In the third quarter, occupancy rose to 3.69m sq feet, or 74.8% of the maximum, up from 72.2% a year ago, while the average storage rate of £25.97 is up 5% in the year to date.

"Market dynamics remain favourable," said chief executive Frederic Vecchioli, who expressed his confidence that the company can, with current trading remaining positive and the impact of the recent weakening of sterling the Parisian results after the Brexit vote, generate "cash tax adjusted earnings slightly ahead of current market expectations".

LFL sales from Paris were up 2.3% in the third quarter, down from 6.8% in the first half, with the UK gaining 7.5%, a slowing from the 11.7% rate in the previous six months.

In the period since the EU referendum, Safestore said it had seen no discernible change in trading patterns in the UK.
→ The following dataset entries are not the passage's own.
lemma trel_tfree: "TR \<subseteq> tfree R (QZ :: ('g::{finite,ab_group_add} \<Rightarrow> int) set set)"
proof (induction rule: trel_least)
  case subgroup
  show ?case by (rule add_subgroup_tfree)
next
  case (lin1 r r' m)
  then show ?case
    using add_subgroup_add[OF subring_add_subgroup[OF subring]]
    by (intro add_subgroup_diff[OF add_subgroup_tfree] add_subgroup_add[OF add_subgroup_tfree]
        delta_tfree) auto
next
  case (lin2 r m m')
  then show ?case
    using Qadd_Qn[OF subring_UNIV]
    by (intro add_subgroup_diff[OF add_subgroup_tfree] add_subgroup_add[OF add_subgroup_tfree]
        delta_tfree) auto
qed

lemma free_eval_trel:
  fixes u :: "'g::{finite,ab_group_add} formal_sum"
  assumes "u \<in> TR"
  shows "free_eval u \<in> augpow R (Suc n)"
proof -
  let ?H = "{u. finite (supp u)} \<inter> free_eval -` augpow R (Suc n)"
  have "TR \<subseteq> ?H"
  proof (induction rule: trel_least)
    case subgroup
    show ?case
      by (intro add_subgroup_Int_vimage add_subgroup_finite_supp add_subgroup_augpow subring)
        (simp add: free_eval_diff)
  next
    case (lin1 r r' m)
    have "free_eval (delta (r + r', m) - (delta (r, m) + delta (r', m))) = 0"
      by (simp add: free_eval_diff free_eval_add free_eval_delta finite_supp_add gsmul_def
          fun_eq_iff algebra_simps)
    then show ?case
      by (simp add: finite_supp_diff finite_supp_add add_subgroup_zero add_subgroup_augpow subring)
  next
    case (lin2 r m m')
    then have r: "r \<in> R" and m: "m \<in> QZ" "m' \<in> QZ" by simp_all
    define z z' where "z = coset_rep m" and "z' = coset_rep m'"
    have z: "z \<in> augpow UNIV n" "z' \<in> augpow UNIV n" "m = Qc z" "m' = Qc z'"
      using coset_rep_Qn[OF subring_UNIV m(1)] coset_rep_Qn[OF subring_UNIV m(2)]
      by (simp_all add: z_def z'_def)
    have "Qadd m m' = Qc (z + z')" unfolding z(3,4) by (rule Qadd_Qcoset[OF subring_UNIV])
    have "free_eval (delta (r, Qadd m m') - (delta (r, m) + delta (r, m')))
        = gsmul r (of_int \<circ> (coset_rep (Qc (z + z')) - (z + z')))"
      by (simp add: free_eval_diff free_eval_add free_eval_delta finite_supp_add z_def z'_def
          \<open>Qadd m m' = Qc (z + z')\<close> gsmul_def fun_eq_iff algebra_simps)
    also have "\<dots> \<in> augpow R (Suc n)"
      using z coset_rep_Qc_diff add_subgroup_add[OF add_subgroup_augpow[OF subring_UNIV]]
      by (intro augpow_gsmul[OF subring r] augpow_of_int_comp[OF subring]) blast
    finally show ?case
      by (simp add: finite_supp_diff finite_supp_add)
  qed
  then show ?thesis using assms by blast
qed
On 29 July, the acquisition of Space Maker was completed, while the opening of a newly redeveloped Wandsworth store in August is expected to be followed by three further stores in the UK and one in Paris in the coming weeks.

Broker Peel Hunt estimated that on an annualised basis, the current EUR/GBP rate would add around 3% to earnings, or circa 1-2% for the financial year.

Analysts noted that the current cash tax adjusted earnings consensus is at 18.9p per share and it upped its own forecast to circa 19.5p and said it expected the dividend to edge up to around 11.7p per share for a 3.1% yield.